### Assignment
Reproduce each line from the first in the data through the line that contains "the closed form." exactly; give nothing else.

### Entries provided
════════════════

text \<open>Both EFIMs have the form \<open>J(w) = \<Sum>i. w\<^sub>i J\<^sub>r(\<theta>\<^sub>i)\<close> with weights
  \<open>w = M x\<close> depending linearly on \<open>x\<close> through an entrywise nonnegative \<open>M\<close>.
  For a \<open>2\<times>2\<close> matrix \<open>tr(J\<^sup>-\<^sup>1) = tr J / det J\<close>; here \<open>tr J = \<Sum>i. w\<^sub>i\<close> and
  \<open>4 det J = w\<^sup>T \<Lambda> w\<close> because \<open>\<Lambda>\<^sub>i\<^sub>j = 2 sin\<^sup>2(\<theta>\<^sub>i - \<theta>\<^sub>j)\<close>, which gives the closed form.
  Convexity: each diagonal entry of \<open>J\<^sup>-\<^sup>1\<close> is the supremum over \<open>v\<close> of the functionals
  \<open>2 v\<^sub>k - v\<^sup>T J v\<close>, which are affine in \<open>J\<close>; and a convex combination of nonsingular EFIMs
  stays nonsingular since \<open>w\<^sup>T \<Lambda> w\<close> is monotone in nonnegative weights.\<close>

lemma matrix_inv_eqI:
  fixes A M :: "real^'n^'n"
  assumes "A ** M = mat 1" "M ** A = mat 1"
  shows "matrix_inv A = M"
proof -
  let ?A = "matrix_inv A"
  have "A ** ?A = mat 1 \<and> ?A ** A = mat 1"
    unfolding matrix_inv_def by (rule someI[of _ M]) (use assms in blast)
  then have "?A ** A = mat 1" by blast
  have "?A = ?A ** (A ** M)" using assms by (simp add: matrix_mul_rid)
  also have "\<dots> = (?A ** A) ** M" by (simp add: matrix_mul_assoc)
  also have "\<dots> = M" using \<open>?A ** A = mat 1\<close> by (simp add: matrix_mul_lid)
  finally show ?thesis .
qed

lemma speb_2x2:
  fixes J :: "real^2^2"
  assumes "det J \<noteq> 0"
  shows "speb J = ereal (trace J / det J)"
proof -
  \<comment> \<open>the adjugate of \<open>J\<close> divided by \<open>det J\<close>\<close>
  define M :: "real^2^2" where
    "M = (\<chi> i j. if i = j then J$(if i = 1 then 2 else 1)$(if i = 1 then 2 else 1) / det J
                 else - J$i$j / det J)"
  have J_M: "J ** M = mat 1" and M_J: "M ** J = mat 1"
    using assms unfolding M_def det_2
    by (auto simp: vec_eq_iff matrix_matrix_mult_def forall_2 sum_2 mat_def divide_simps)
  have "invertible J" using assms by (simp add: invertible_det_nz)
  then show ?thesis
    unfolding speb_def matrix_inv_eqI[OF J_M M_J]
    by (simp add: trace_def sum_2 M_def add_divide_distrib)
qed

lemma corner_of_inverse_ge:
  fixes a b c p r :: real
  assumes "0 \<le> c" "0 < a*c - b^2"
  shows "2*p - (a*p^2 + 2*b*p*r + c*r^2) \<le> c / (a*c - b^2)"
proof -
  define d where "d = a*c - b^2"
  define y where "y = p - c/d"
  define z where "z = r + b/d"
  have "d > 0" using assms by (simp add: d_def)
  then have "c > 0" using assms unfolding d_def
    by (cases "c = 0") (auto simp: not_less[symmetric])
  have "c/d - (2*p - (a*p^2 + 2*b*p*r + c*r^2)) = a*y^2 + 2*b*y*z + c*z^2"
    using \<open>d > 0\<close> unfolding y_def z_def
    by (simp add: field_simps power2_eq_square) (simp add: d_def power2_eq_square algebra_simps)
  moreover have "c * (a*y^2 + 2*b*y*z + c*z^2) = (c*z + b*y)^2 + d*y^2"
    unfolding d_def by (simp add: power2_eq_square algebra_simps)
  then have "0 \<le> a*y^2 + 2*b*y*z + c*z^2"
    using \<open>c > 0\<close> \<open>d > 0\<close> by (smt (verit) zero_le_power2 mult_nonneg_nonneg zero_le_mult_iff)
  ultimately show ?thesis unfolding d_def by simp
qed

lemma corner_of_inverse_convex:
  fixes a b c a' b' c' t :: real
  defines "A \<equiv> (1-t)*a + t*a'" and "B \<equiv> (1-t)*b + t*b'" and "C \<equiv> (1-t)*c + t*c'"
  assumes "0 \<le> c" "0 < a*c - b^2" "0 \<le> c'" "0 < a'*c' - b'^2"
    and "0 \<le> t" "t \<le> 1" and "0 < A*C - B^2"
  shows "C / (A*C - B^2) \<le> (1-t) * (c / (a*c - b^2)) + t * (c' / (a'*c' - b'^2))"
proof -
  define d where "d = A*C - B^2"
  \<comment> \<open>the point where \<open>corner_of_inverse_ge\<close> is attained for the combined matrix\<close>
  define p where "p = C/d"
  define r where "r = -B/d"
  define f where "f a b c = 2*p - (a*p^2 + 2*b*p*r + c*r^2)" for a b c
  have "C/d = f A B C"
    using assms(10) unfolding f_def p_def r_def d_def[symmetric]
    by (simp add: field_simps power2_eq_square) (simp add: d_def power2_eq_square algebra_simps)
  also have "\<dots> = (1-t) * f a b c + t * f a' b' c'"
    unfolding f_def A_def B_def C_def by (simp add: algebra_simps)
  also have "\<dots> \<le> (1-t) * (c / (a*c - b^2)) + t * (c' / (a'*c' - b'^2))"
    unfolding f_def using assms
    by (intro add_mono mult_left_mono corner_of_inverse_ge) simp_all
  finally show ?thesis unfolding d_def .
qed

lemma trace_div_det_convex:
  fixes J1 J2 :: "real^2^2" and t :: real
  defines "J \<equiv> (1-t) *\<^sub>R J1 + t *\<^sub>R J2"
  assumes "J1$1$2 = J1$2$1" "0 \<le> J1$1$1" "0 \<le> J1$2$2" "0 < det J1"
    and "J2$1$2 = J2$2$1" "0 \<le> J2$1$1" "0 \<le> J2$2$2" "0 < det J2"
    and "0 \<le> t" "t \<le> 1" and "0 < det J"
  shows "trace J / det J \<le> (1-t) * (trace J1 / det J1) + t * (trace J2 / det J2)"
proof -
  have "J$1$1 / det J \<le> (1-t) * (J1$1$1 / det J1) + t * (J2$1$1 / det J2)"
    using corner_of_inverse_convex[where a="J1$2$2" and b="J1$1$2" and c="J1$1$1"
        and a'="J2$2$2" and b'="J2$1$2" and c'="J2$1$1" and t=t] assms
    by (simp add: det_2 power2_eq_square ac_simps)
  moreover have "J$2$2 / det J \<le> (1-t) * (J1$2$2 / det J1) + t * (J2$2$2 / det J2)"
    using corner_of_inverse_convex[where a="J1$1$1" and b="J1$1$2" and c="J1$2$2"
        and a'="J2$1$1" and b'="J2$1$2" and c'="J2$2$2" and t=t] assms
    by (simp add: det_2 power2_eq_square)
  ultimately show ?thesis
    by (simp add: trace_def sum_2 add_divide_distrib algebra_simps)
qed

definition efim :: "real^'m \<Rightarrow> real^'m \<Rightarrow> real^2^2" where
  "efim \<theta> w = (\<Sum>i\<in>UNIV. w$i *\<^sub>R Jr (\<theta>$i))"

lemma efim_entries:
  "efim \<theta> w $1$1 = (\<Sum>i\<in>UNIV. w$i * (cos (\<theta>$i))^2)"
  "efim \<theta> w $1$2 = (\<Sum>i\<in>UNIV. w$i * (cos (\<theta>$i) * sin (\<theta>$i)))"
  "efim \<theta> w $2$1 = (\<Sum>i\<in>UNIV. w$i * (cos (\<theta>$i) * sin (\<theta>$i)))"
  "efim \<theta> w $2$2 = (\<Sum>i\<in>UNIV. w$i * (sin (\<theta>$i))^2)"
  by (simp_all add: efim_def Jr_def outer_def uvec_def power2_eq_square mult.commute)

lemma efim_convex_comb:
  "efim \<theta> ((1-t) *\<^sub>R w1 + t *\<^sub>R w2) = (1-t) *\<^sub>R efim \<theta> w1 + t *\<^sub>R efim \<theta> w2"
  by (simp add: efim_def scaleR_add_left scaleR_sum_right sum.distrib)

lemma trace_efim: "trace (efim \<theta> w) = (\<Sum>i\<in>UNIV. w$i)"
  by (simp add: trace_def sum_2 efim_entries sum.distrib[symmetric] distrib_left[symmetric])

lemma Lambda_entry: "Lambda_mat \<theta> $i$j = 2 * (sin (\<theta>$i - \<theta>$j))^2"
proof -
  have "Lambda_mat \<theta> $i$j = 1 - cos (2*\<theta>$i - 2*\<theta>$j)"
    by (simp add: Lambda_mat_def outer_def cvec_def svec_def cos_diff)
  also have "\<dots> = 2 * (sin (\<theta>$i - \<theta>$j))^2"
    using cos_double_sin[of "\<theta>$i - \<theta>$j"] by (simp add: algebra_simps)
  finally show ?thesis .
qed

lemma Lambda_sym: "transpose (Lambda_mat \<theta>) = Lambda_mat \<theta>"
  by (simp add: vec_eq_iff transpose_def Lambda_entry sin_diff power2_eq_square algebra_simps)

lemma Lambda_quadratic_form:
  "w \<bullet> (Lambda_mat \<theta> *v w) = (\<Sum>i\<in>UNIV. \<Sum>j\<in>UNIV. w$i * w$j * Lambda_mat \<theta> $i$j)"
  by (simp add: inner_vec_def matrix_vector_mult_def sum_distrib_left algebra_simps)

lemma Lambda_mult: "Lambda_mat \<theta> *v y = (vec 1 \<bullet> y) *\<^sub>R vec 1
    - (cvec (2 *\<^sub>R \<theta>) \<bullet> y) *\<^sub>R cvec (2 *\<^sub>R \<theta>) - (svec (2 *\<^sub>R \<theta>) \<bullet> y) *\<^sub>R svec (2 *\<^sub>R \<theta>)"
  by (simp add: vec_eq_iff Lambda_mat_def outer_def matrix_vector_mult_def inner_vec_def
      sum_subtractf sum_distrib_left sum.distrib algebra_simps)

lemma Lambda_rank: "rank (Lambda_mat \<theta>) \<le> 3"
proof -
  let ?S = "{vec 1, cvec (2 *\<^sub>R \<theta>), svec (2 *\<^sub>R \<theta>)}"
  have "Lambda_mat \<theta> *v y \<in> span ?S" for y
    unfolding Lambda_mult by (intro span_diff span_scale span_base) auto
  then have "range (\<lambda>y. Lambda_mat \<theta> *v y) \<subseteq> span ?S" by blast
  then have "rank (Lambda_mat \<theta>) \<le> card ?S"
    unfolding rank_dim_range by (rule dim_le_card) simp
  also have "card ?S \<le> 3" by (simp add: card_insert_if)
  finally show ?thesis .
qed

lemma double_sum_eqI_symmetrized:
  fixes F G :: "'a::finite \<Rightarrow> 'a \<Rightarrow> real"
  assumes "\<And>i j. F i j + F j i = G i j + G j i"
  shows "(\<Sum>i\<in>UNIV. \<Sum>j\<in>UNIV. F i j) = (\<Sum>i\<in>UNIV. \<Sum>j\<in>UNIV. G i j)"
proof -
  have "2 * (\<Sum>i\<in>UNIV. \<Sum>j\<in>UNIV. F i j) = (\<Sum>i\<in>UNIV. \<Sum>j\<in>UNIV. F i j + F j i)"
    using sum.swap[of F UNIV UNIV] by (simp add: sum.distrib)
  also have "\<dots> = (\<Sum>i\<in>UNIV. \<Sum>j\<in>UNIV. G i j + G j i)"
    using assms by simp
  also have "\<dots> = 2 * (\<Sum>i\<in>UNIV. \<Sum>j\<in>UNIV. G i j)"
    using sum.swap[of G UNIV UNIV] by (simp add: sum.distrib)
  finally show ?thesis by simp
qed

lemma det_efim: "4 * det (efim \<theta> w) = w \<bullet> (Lambda_mat \<theta> *v w)"
proof -
  define c where "c i = cos (\<theta>$i)" for i
  define s where "s i = sin (\<theta>$i)" for i
  have "4 * det (efim \<theta> w)
      = (\<Sum>i\<in>UNIV. \<Sum>j\<in>UNIV. 4 * (w$i * w$j * ((c i)^2 * (s j)^2 - c i * s i * (c j * s j))))"
    unfolding det_2 efim_entries c_def s_def sum_product
    by (simp add: sum_subtractf sum_distrib_left algebra_simps)
  also have "\<dots> = (\<Sum>i\<in>UNIV. \<Sum>j\<in>UNIV. w$i * w$j * Lambda_mat \<theta> $i$j)"
  proof (rule double_sum_eqI_symmetrized)
    fix i j
    have Lij: "Lambda_mat \<theta> $i$j = 2 * (s i * c j - c i * s j)^2"
      and Lji: "Lambda_mat \<theta> $j$i = 2 * (s i * c j - c i * s j)^2"
      by (simp_all add: Lambda_entry sin_diff c_def s_def power2_eq_square algebra_simps)
    show "4 * (w$i * w$j * ((c i)^2 * (s j)^2 - c i * s i * (c j * s j)))
        + 4 * (w$j * w$i * ((c j)^2 * (s i)^2 - c j * s j * (c i * s i)))
      = w$i * w$j * Lambda_mat \<theta> $i$j + w$j * w$i * Lambda_mat \<theta> $j$i"
      unfolding Lij Lji by (simp add: power2_eq_square algebra_simps)
  qed
  finally show ?thesis by (simp only: Lambda_quadratic_form)
qed

lemma det_efim_mono:
  assumes "nonneg v" and "\<forall>i. v$i \<le> w$i"
  shows "det (efim \<theta> v) \<le> det (efim \<theta> w)"
proof -
  have "v \<bullet> (Lambda_mat \<theta> *v v) \<le> w \<bullet> (Lambda_mat \<theta> *v w)"
    unfolding Lambda_quadratic_form
  proof (intro sum_mono mult_right_mono mult_mono)
    fix i j
    show "0 \<le> Lambda_mat \<theta> $i$j" by (simp add: Lambda_entry)
    show "v$i \<le> w$i" "v$j \<le> w$j" "0 \<le> v$j" "0 \<le> w$i"
      using assms unfolding nonneg_def by (auto intro: order_trans)
  qed
  then show ?thesis by (simp flip: det_efim)
qed

lemma det_efim_nonneg: "nonneg w \<Longrightarrow> 0 \<le> det (efim \<theta> w)"
  using det_efim_mono[of 0 w \<theta>] by (simp add: nonneg_def efim_def det_2)

lemma det_efim_scaleR: "det (efim \<theta> (a *\<^sub>R w)) = a^2 * det (efim \<theta> w)"
proof -
  have "4 * det (efim \<theta> (a *\<^sub>R w)) = a^2 * (4 * det (efim \<theta> w))"
    by (simp only: det_efim) (simp add: matrix_vector_mult_scaleR power2_eq_square)
  then show ?thesis by simp
qed

lemma efim_diag_nonneg:
  assumes "nonneg w"
  shows "0 \<le> efim \<theta> w $1$1" and "0 \<le> efim \<theta> w $2$2"
  using assms by (auto simp: efim_entries nonneg_def intro!: sum_nonneg)

lemma speb_efim_convex:
  assumes w1: "nonneg w1" and w2: "nonneg w2" and t: "0 < t" "t < 1"
  shows "speb (efim \<theta> ((1-t) *\<^sub>R w1 + t *\<^sub>R w2))
    \<le> ereal (1-t) * speb (efim \<theta> w1) + ereal t * speb (efim \<theta> w2)"
proof (cases "det (efim \<theta> w1) = 0 \<or> det (efim \<theta> w2) = 0")
  case True
  then have "speb (efim \<theta> w1) = \<infinity> \<or> speb (efim \<theta> w2) = \<infinity>"
    by (auto simp: speb_def invertible_det_nz)
  moreover have "speb (efim \<theta> w1) \<noteq> -\<infinity>" "speb (efim \<theta> w2) \<noteq> -\<infinity>"
    by (auto simp: speb_def)
  ultimately show ?thesis
    using t by (cases "speb (efim \<theta> w1)"; cases "speb (efim \<theta> w2)") auto
next
  case False
  let ?J1 = "efim \<theta> w1" and ?J2 = "efim \<theta> w2" and ?J = "efim \<theta> ((1-t) *\<^sub>R w1 + t *\<^sub>R w2)"
  have det1: "0 < det ?J1" and det2: "0 < det ?J2"
    using False det_efim_nonneg[OF w1, of \<theta>] det_efim_nonneg[OF w2, of \<theta>] by auto
  have "0 < (1-t)^2 * det ?J1" using det1 t by simp
  also have "\<dots> = det (efim \<theta> ((1-t) *\<^sub>R w1))" by (simp add: det_efim_scaleR)
  also have "\<dots> \<le> det ?J"
    using w1 w2 t by (intro det_efim_mono) (auto simp: nonneg_def)
  finally have det: "0 < det ?J" .
  have "trace ?J / det ?J \<le> (1-t) * (trace ?J1 / det ?J1) + t * (trace ?J2 / det ?J2)"
    unfolding efim_convex_comb using det1 det2 det t
    by (intro trace_div_det_convex efim_diag_nonneg w1 w2)
      (simp_all add: efim_entries flip: efim_convex_comb)
  then show ?thesis
    using det det1 det2 by (simp add: speb_2x2)
qed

════════════════

### Response
text \<open>Both EFIMs have the form \<open>J(w) = \<Sum>i. w\<^sub>i J\<^sub>r(\<theta>\<^sub>i)\<close> with weights
  \<open>w = M x\<close> depending linearly on \<open>x\<close> through an entrywise nonnegative \<open>M\<close>.
  For a \<open>2\<times>2\<close> matrix \<open>tr(J\<^sup>-\<^sup>1) = tr J / det J\<close>; here \<open>tr J = \<Sum>i. w\<^sub>i\<close> and
  \<open>4 det J = w\<^sup>T \<Lambda> w\<close> because \<open>\<Lambda>\<^sub>i\<^sub>j = 2 sin\<^sup>2(\<theta>\<^sub>i - \<theta>\<^sub>j)\<close>, which gives the closed form.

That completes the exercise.